Italian film director Franco Zeffirelli has died aged 96.

 

The Florence native directed stars including Elizabeth Taylor in the 1967 film Taming of the Shrew and Dame Judi Dench on stage in Romeo and Juliet.

 

Italian media said Zeffirelli died after a long illness which had grown worse in recent months.

 

The two-time Oscar nominee also served in the Italian senate for two terms as a member of Silvio Berlusconi's Forza Italia party.

 

He is perhaps best known to many as the director of the 1968 adaptation of Romeo and Juliet – starring a then-unknown Leonard Whiting and Olivia Hussey.

 

It was viewed by generations of school students studying the Shakespearean drama.

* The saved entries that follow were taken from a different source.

(* Let $\rho=(V,B_1,B_2,B_3,I,J)$ be a framed representation, and let $\alpha=(V,B_1,B_2,I,J)$ be its underlying ADHM representation. Then $\rho$ is cyclic if and only if $\alpha$ is cyclic (stable). Here: - $\rho$ is cyclic if there is no proper nonzero subspace $V'\subset V$ preserved by $B_1,B_2,B_3$ and containing $\mathrm{Im}\,I$; - $\alpha$ is cyclic if there is no proper nonzero subspace $V'\subset V$ preserved by $B_1,B_2$ and containing $\mathrm{Im}\,I$.
   Context: A framed representation consists of: - a finite-dimensional complex vector space $V$; - the fixed space $V_\infty=\mathbb{C}^r$ with basis $e_1,\dots,e_r$, and the fixed map $A_r\in\mathrm{End}(V_\infty)$ with $A_re_a=e_{a+1}$, $e_{r+1}=0$; - linear maps $B_1,B_2,B_3\in\mathrm{End}(V)$, $I:V_\infty\to V$, $J:V\to V_\infty$. These satisfy $$[B_1,B_2]+IJ=0,\quad JB_3-A_rJ=0,\quad B_3I-IA_r=0,\quad [B_3,B_1]=0,\quad [B_3,B_2]=0.$$ *)

theory Defs
  imports "Jordan_Normal_Form.Matrix"
begin

text \<open>V = complex^n (n = dim V), V_infinity = complex^r; linear maps are complex matrices.
  Basis vectors are 0-indexed: A_r e_a = e_(a+1), and the last one is sent to 0.\<close>

definition shift_mat :: "nat \<Rightarrow> complex mat" where
  "shift_mat r = mat r r (\<lambda>(i, j). if i = Suc j then 1 else 0)"

definition is_framed_rep ::
  "nat \<Rightarrow> nat \<Rightarrow> complex mat \<Rightarrow> complex mat \<Rightarrow> complex mat \<Rightarrow> complex mat \<Rightarrow> complex mat \<Rightarrow> bool" where
  "is_framed_rep n r B1 B2 B3 I J \<longleftrightarrow>
     B1 \<in> carrier_mat n n \<and> B2 \<in> carrier_mat n n \<and> B3 \<in> carrier_mat n n \<and>
     I \<in> carrier_mat n r \<and> J \<in> carrier_mat r n \<and>
     B1 * B2 - B2 * B1 + I * J = 0\<^sub>m n n \<and>
     J * B3 - shift_mat r * J = 0\<^sub>m r n \<and>
     B3 * I - I * shift_mat r = 0\<^sub>m n r \<and>
     B3 * B1 - B1 * B3 = 0\<^sub>m n n \<and>
     B3 * B2 - B2 * B3 = 0\<^sub>m n n"

definition is_subspace :: "nat \<Rightarrow> complex vec set \<Rightarrow> bool" where
  "is_subspace n W \<longleftrightarrow> W \<subseteq> carrier_vec n \<and> 0\<^sub>v n \<in> W \<and>
     (\<forall>x\<in>W. \<forall>y\<in>W. x + y \<in> W) \<and> (\<forall>c::complex. \<forall>x\<in>W. c \<cdot>\<^sub>v x \<in> W)"

definition preserves :: "complex mat \<Rightarrow> complex vec set \<Rightarrow> bool" where
  "preserves B W \<longleftrightarrow> (\<forall>x\<in>W. B *\<^sub>v x \<in> W)"

definition image_mat :: "nat \<Rightarrow> complex mat \<Rightarrow> complex vec set" where
  "image_mat r I = {I *\<^sub>v w | w. w \<in> carrier_vec r}"

definition framed_cyclic ::
  "nat \<Rightarrow> nat \<Rightarrow> complex mat \<Rightarrow> complex mat \<Rightarrow> complex mat \<Rightarrow> complex mat \<Rightarrow> bool" where
  "framed_cyclic n r B1 B2 B3 I \<longleftrightarrow>
     \<not> (\<exists>W. is_subspace n W \<and> W \<noteq> {0\<^sub>v n} \<and> W \<noteq> carrier_vec n \<and>
           preserves B1 W \<and> preserves B2 W \<and> preserves B3 W \<and> image_mat r I \<subseteq> W)"

definition adhm_cyclic ::
  "nat \<Rightarrow> nat \<Rightarrow> complex mat \<Rightarrow> complex mat \<Rightarrow> complex mat \<Rightarrow> bool" where
  "adhm_cyclic n r B1 B2 I \<longleftrightarrow>
     \<not> (\<exists>W. is_subspace n W \<and> W \<noteq> {0\<^sub>v n} \<and> W \<noteq> carrier_vec n \<and>
           preserves B1 W \<and> preserves B2 W \<and> image_mat r I \<subseteq> W)"

end

(* Only "framed cyclic implies ADHM cyclic" has content. Let W be a proper nonzero subspace
   invariant under B1, B2 and containing Im I. The smallest such subspace H lies inside W and is
   B3-invariant too, because B3 commutes with B1, B2 and maps Im I into itself (B3 I = I A_r).
   If H is nonzero it destabilises the framed representation. Otherwise Im I = 0, and an
   eigenspace of B3 is a proper nonzero subspace invariant under B1, B2, B3, unless B3 is
   scalar, in which case W itself is. *)

theory Submission
  imports Defs "Jordan_Normal_Form.Spectral_Radius"
begin

lemma mat_eq_if_diff_zero:
  fixes A B :: "'a :: ab_group_add mat"
  assumes "A \<in> carrier_mat n m" "B \<in> carrier_mat n m" "A - B = 0\<^sub>m n m"
  shows "A = B"
proof (rule eq_matI)
  fix i j assume "i < dim_row B" "j < dim_col B"
  then have "A $$ (i, j) - B $$ (i, j) = 0"
    using arg_cong[OF assms(3), of "\<lambda>M. M $$ (i, j)"] assms(1,2) by simp
  then show "A $$ (i, j) = B $$ (i, j)" by simp
qed (use assms in auto)

lemma is_framed_rep_commute:
  assumes "is_framed_rep n r B1 B2 B3 I J"
  shows "B3 * B1 = B1 * B3" "B3 * B2 = B2 * B3" "B3 * I = I * shift_mat r"
proof -
  have "shift_mat r \<in> carrier_mat r r" by (simp add: shift_mat_def)
  then show "B3 * B1 = B1 * B3" "B3 * B2 = B2 * B3" "B3 * I = I * shift_mat r"
    using assms unfolding is_framed_rep_def by (auto intro: mat_eq_if_diff_zero)
qed

lemma mult_mat_vec_commute:
  fixes A B :: "'a :: semiring_0 mat"
  assumes "A \<in> carrier_mat n n" "B \<in> carrier_mat n n" "x \<in> carrier_vec n" "A * B = B * A"
  shows "A *\<^sub>v (B *\<^sub>v x) = B *\<^sub>v (A *\<^sub>v x)"
  by (metis assms assoc_mult_mat_vec)

lemma mult_mat_zero_vec:
  fixes A :: "'a :: semiring_0 mat"
  assumes "A \<in> carrier_mat m n"
  shows "A *\<^sub>v 0\<^sub>v n = 0\<^sub>v m"
  using assms by (intro eq_vecI) (auto simp: scalar_prod_def)

lemma dim_pos_if_proper_nonzero_subspace:
  assumes "is_subspace n W" "W \<noteq> {0\<^sub>v n}" "W \<noteq> carrier_vec n"
  shows "0 < n"
  using assms unfolding is_subspace_def
  by (metis carrier_vecD gr0I subsetI subset_antisym vec_of_dim_0)

lemma image_mat_subset_carrier: "I \<in> carrier_mat n r \<Longrightarrow> image_mat r I \<subseteq> carrier_vec n"
  unfolding image_mat_def by auto

lemma preserves_image_mat:
  assumes "A \<in> carrier_mat n n" "I \<in> carrier_mat n r" "C \<in> carrier_mat r r" "A * I = I * C"
  shows "preserves A (image_mat r I)"
  unfolding preserves_def image_mat_def
proof safe
  fix w :: "complex vec" assume w: "w \<in> carrier_vec r"
  have "A *\<^sub>v (I *\<^sub>v w) = I *\<^sub>v (C *\<^sub>v w)"
    by (metis assms w assoc_mult_mat_vec)
  then show "\<exists>v. A *\<^sub>v (I *\<^sub>v w) = I *\<^sub>v v \<and> v \<in> carrier_vec r"
    using assms(3) w by auto
qed

lemma is_subspace_preimage:
  assumes "is_subspace n S" "A \<in> carrier_mat n n"
  shows "is_subspace n {x \<in> carrier_vec n. A *\<^sub>v x \<in> S}"
proof -
  have "A *\<^sub>v 0\<^sub>v n \<in> S"
    using assms unfolding is_subspace_def by (simp add: mult_mat_zero_vec[OF assms(2)])
  then show ?thesis
    using assms unfolding is_subspace_def by (auto simp: mult_add_distrib_mat_vec mult_mat_vec)
qed

lemma preserves_preimage_if_commute:
  assumes "preserves B S" "A \<in> carrier_mat n n" "B \<in> carrier_mat n n" "A * B = B * A"
  shows "preserves B {x \<in> carrier_vec n. A *\<^sub>v x \<in> S}"
  using assms unfolding preserves_def by (auto simp: mult_mat_vec_commute)

definition eigenspace :: "nat \<Rightarrow> complex mat \<Rightarrow> complex \<Rightarrow> complex vec set" where
  "eigenspace n A k = {x \<in> carrier_vec n. A *\<^sub>v x = k \<cdot>\<^sub>v x}"

lemma is_subspace_eigenspace:
  assumes "A \<in> carrier_mat n n"
  shows "is_subspace n (eigenspace n A k)"
  using assms mult_mat_zero_vec[OF assms] unfolding is_subspace_def eigenspace_def
  by (auto simp: mult_add_distrib_mat_vec mult_mat_vec smult_add_distrib_vec
      smult_smult_assoc mult.commute)

lemma preserves_eigenspace_if_commute:
  assumes "A \<in> carrier_mat n n" "B \<in> carrier_mat n n" "A * B = B * A"
  shows "preserves B (eigenspace n A k)"
  unfolding preserves_def eigenspace_def
proof safe
  fix x assume x: "x \<in> carrier_vec n" "A *\<^sub>v x = k \<cdot>\<^sub>v x"
  then show "B *\<^sub>v x \<in> carrier_vec n" using assms(2) by simp
  have "A *\<^sub>v (B *\<^sub>v x) = B *\<^sub>v (A *\<^sub>v x)"
    by (rule mult_mat_vec_commute[OF assms(1,2) x(1) assms(3)])
  also have "\<dots> = k \<cdot>\<^sub>v (B *\<^sub>v x)" using assms(2) x by (simp add: mult_mat_vec)
  finally show "A *\<^sub>v (B *\<^sub>v x) = k \<cdot>\<^sub>v (B *\<^sub>v x)" .
qed

lemma eigenspace_nonzero:
  assumes "A \<in> carrier_mat n n" "eigenvalue A k"
  shows "eigenspace n A k \<noteq> {0\<^sub>v n}"
proof -
  obtain v where "v \<in> carrier_vec n" "v \<noteq> 0\<^sub>v n" "A *\<^sub>v v = k \<cdot>\<^sub>v v"
    using assms unfolding eigenvalue_def eigenvector_def by auto
  then show ?thesis unfolding eigenspace_def by auto
qed

lemma preserves_if_eigenspace_full:
  assumes "eigenspace n A k = carrier_vec n" "is_subspace n W"
  shows "preserves A W"
  unfolding preserves_def
proof
  fix x assume x: "x \<in> W"
  then have "x \<in> eigenspace n A k" using assms unfolding is_subspace_def by auto
  then have "A *\<^sub>v x = k \<cdot>\<^sub>v x" unfolding eigenspace_def by simp
  then show "A *\<^sub>v x \<in> W" using x assms(2) unfolding is_subspace_def by simp
qed

definition invariant_hull :: "nat \<Rightarrow> complex mat set \<Rightarrow> complex vec set \<Rightarrow> complex vec set" where
  "invariant_hull n Bs X = {x \<in> carrier_vec n.
     \<forall>S. is_subspace n S \<and> (\<forall>B\<in>Bs. preserves B S) \<and> X \<subseteq> S \<longrightarrow> x \<in> S}"

lemma invariant_hull_least:
  assumes "is_subspace n S" "\<forall>B\<in>Bs. preserves B S" "X \<subseteq> S"
  shows "invariant_hull n Bs X \<subseteq> S"
  using assms unfolding invariant_hull_def by blast

lemma is_subspace_invariant_hull: "is_subspace n (invariant_hull n Bs X)"
  unfolding is_subspace_def invariant_hull_def by auto

lemma subset_invariant_hull: "X \<subseteq> carrier_vec n \<Longrightarrow> X \<subseteq> invariant_hull n Bs X"
  unfolding invariant_hull_def by blast

lemma preserves_invariant_hull:
  assumes "B \<in> Bs" "B \<in> carrier_mat n n"
  shows "preserves B (invariant_hull n Bs X)"
  using assms unfolding preserves_def invariant_hull_def by auto

lemma preserves_invariant_hull_if_commute:
  assumes A: "A \<in> carrier_mat n n" and Bs: "Bs \<subseteq> carrier_mat n n"
    and commute: "\<forall>B\<in>Bs. A * B = B * A"
    and X: "X \<subseteq> carrier_vec n" "\<forall>x\<in>X. A *\<^sub>v x \<in> invariant_hull n Bs X"
  shows "preserves A (invariant_hull n Bs X)"
proof -
  define U where "U = {x \<in> carrier_vec n. A *\<^sub>v x \<in> invariant_hull n Bs X}"
  have "is_subspace n U"
    unfolding U_def by (rule is_subspace_preimage[OF is_subspace_invariant_hull A])
  moreover have "\<forall>B\<in>Bs. preserves B U"
    unfolding U_def using A Bs commute
    by (auto intro: preserves_preimage_if_commute preserves_invariant_hull)
  moreover have "X \<subseteq> U" using X unfolding U_def by auto
  ultimately have "invariant_hull n Bs X \<subseteq> U" by (rule invariant_hull_least)
  then show ?thesis unfolding U_def preserves_def by auto
qed

lemma exists_invariant_subspace_if_commute:
  assumes W: "is_subspace n W" "W \<noteq> {0\<^sub>v n}" "W \<noteq> carrier_vec n" "\<forall>B\<in>Bs. preserves B W"
    and A: "A \<in> carrier_mat n n" and Bs: "Bs \<subseteq> carrier_mat n n"
    and commute: "\<forall>B\<in>Bs. A * B = B * A"
  obtains W' where "is_subspace n W'" "W' \<noteq> {0\<^sub>v n}" "W' \<noteq> carrier_vec n"
    "\<forall>B\<in>Bs. preserves B W'" "preserves A W'"
proof -
  obtain k where k: "eigenvalue A k"
    using spectrum_non_empty[OF A dim_pos_if_proper_nonzero_subspace[OF W(1-3)]]
    unfolding spectrum_def by auto
  show ?thesis
  proof (cases "eigenspace n A k = carrier_vec n")
    case True
    show ?thesis by (rule that[OF W]) (rule preserves_if_eigenspace_full[OF True W(1)])
  next
    case False
    show ?thesis
    proof (rule that)
      show "is_subspace n (eigenspace n A k)" by (rule is_subspace_eigenspace[OF A])
      show "eigenspace n A k \<noteq> {0\<^sub>v n}" by (rule eigenspace_nonzero[OF A k])
      show "eigenspace n A k \<noteq> carrier_vec n" by (rule False)
      show "\<forall>B\<in>Bs. preserves B (eigenspace n A k)"
        using Bs commute by (auto intro: preserves_eigenspace_if_commute[OF A])
      show "preserves A (eigenspace n A k)" by (rule preserves_eigenspace_if_commute[OF A A refl])
    qed
  qed
qed

lemma is_framed_rep_invariant_hull:
  assumes rep: "is_framed_rep n r B1 B2 B3 I J"
  defines "H \<equiv> invariant_hull n {B1, B2} (image_mat r I)"
  shows "is_subspace n H" "preserves B1 H" "preserves B2 H" "preserves B3 H"
    "image_mat r I \<subseteq> H"
proof -
  have carrier: "{B1, B2} \<subseteq> carrier_mat n n" "B3 \<in> carrier_mat n n" "I \<in> carrier_mat n r"
    using rep unfolding is_framed_rep_def by auto
  note commute = is_framed_rep_commute[OF rep]
  have image: "image_mat r I \<subseteq> carrier_vec n" by (rule image_mat_subset_carrier[OF carrier(3)])
  show "is_subspace n H" unfolding H_def by (rule is_subspace_invariant_hull)
  show "preserves B1 H" "preserves B2 H"
    unfolding H_def using carrier by (auto intro: preserves_invariant_hull)
  have image_H: "image_mat r I \<subseteq> H" unfolding H_def by (rule subset_invariant_hull[OF image])
  then show "image_mat r I \<subseteq> H" .
  have "preserves B3 (image_mat r I)"
    using preserves_image_mat[OF carrier(2,3) _ commute(3)] by (simp add: shift_mat_def)
  with image_H have "\<forall>x\<in>image_mat r I. B3 *\<^sub>v x \<in> H" unfolding preserves_def by auto
  then show "preserves B3 H"
    unfolding H_def using carrier commute image by (intro preserves_invariant_hull_if_commute) auto
qed

lemma adhm_cyclic_if_framed_cyclic:
  assumes rep: "is_framed_rep n r B1 B2 B3 I J" and framed: "framed_cyclic n r B1 B2 B3 I"
  shows "adhm_cyclic n r B1 B2 I"
  unfolding adhm_cyclic_def
proof (intro notI, elim exE conjE)
  fix W assume W: "is_subspace n W" "W \<noteq> {0\<^sub>v n}" "W \<noteq> carrier_vec n"
    "preserves B1 W" "preserves B2 W" "image_mat r I \<subseteq> W"
  define H where "H = invariant_hull n {B1, B2} (image_mat r I)"
  note H = is_framed_rep_invariant_hull[OF rep, folded H_def]
  show False
  proof (cases "H = {0\<^sub>v n}")
    case True
    have carrier: "B3 \<in> carrier_mat n n" "{B1, B2} \<subseteq> carrier_mat n n"
      using rep unfolding is_framed_rep_def by auto
    have commute: "\<forall>B\<in>{B1, B2}. B3 * B = B * B3"
      using is_framed_rep_commute[OF rep] by simp
    obtain W' where W': "is_subspace n W'" "W' \<noteq> {0\<^sub>v n}" "W' \<noteq> carrier_vec n"
      "\<forall>B\<in>{B1, B2}. preserves B W'" "preserves B3 W'"
      using exists_invariant_subspace_if_commute[OF W(1-3) _ carrier commute] W(4,5) by blast
    moreover have "image_mat r I \<subseteq> W'"
      using H(5) True W'(1) unfolding is_subspace_def by blast
    ultimately show False using framed unfolding framed_cyclic_def by blast
  next
    case False
    have "H \<subseteq> W" unfolding H_def using W(1,4-6) by (intro invariant_hull_least) auto
    then have "H \<noteq> carrier_vec n" using W(1,3) unfolding is_subspace_def by blast
    with False H show False using framed unfolding framed_cyclic_def by blast
  qed
qed

theorem lemma3p2:
  fixes n r :: nat and B1 B2 B3 I J :: "complex mat"
  assumes "is_framed_rep n r B1 B2 B3 I J"
  shows "framed_cyclic n r B1 B2 B3 I \<longleftrightarrow> adhm_cyclic n r B1 B2 I"
proof
  show "framed_cyclic n r B1 B2 B3 I \<Longrightarrow> adhm_cyclic n r B1 B2 I"
    by (rule adhm_cyclic_if_framed_cyclic[OF assms])
  show "adhm_cyclic n r B1 B2 I \<Longrightarrow> framed_cyclic n r B1 B2 B3 I"
    unfolding adhm_cyclic_def framed_cyclic_def by blast
qed

end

The illegitimate son of a merchant, his mother gave him the surname "Zeffiretti" – meaning "little breezes" – which was misspelled on his birth certificate.

 

The original meaning came from a Mozart opera – and Zeffirelli would go on to become a prolific creator of opera himself, staging more than 120 during his career in London, Milan and New York.

 

"Franco Zeffirelli, one of the world's greatest men of culture, passed away this morning," tweeted Dario Nardella, mayor of Florence. "Goodbye dear Maestro, Florence will never forget you."

 

Zeffirelli initially studied architecture at the University of Florence, but his education was interrupted by the outbreak of World War II. During the conflict, he fought for Communist partisan forces against Mussolini's Fascists and the occupying Nazis.

 

After being captured by Fascists, he was saved from execution when his interrogator turned out to be a half-brother whom he'd never known. His half-brother arranged for his release.

 

When the war was over, he continued his studies but said he became inspired to pursue a career in theatre after seeing Laurence Olivier's Henry V (1944).

 

In 1945, he started work as a set designer at Florence's Teatro della Pergola, and concentrated on theatre throughout the 1950s and 1960s.

 

At the Pope's request, in 1970 Zeffirelli staged "Missa solemnis" in honour of the 200th anniversary of Beethoven's birth.

 

His first film was a Shakespeare adaptation, The Taming of the Shrew. While initially intended to star two Italian actors, it was heavily funded by Hollywood couple Richard Burton and Elizabeth Taylor, who eventually assumed the two leading roles.

 

Another notable adaptation of the bard's plays would come in 1990s Hamlet – starring Mel Gibson in the title role, with Glenn Close and Helena Bonham Carter among the supporting cast.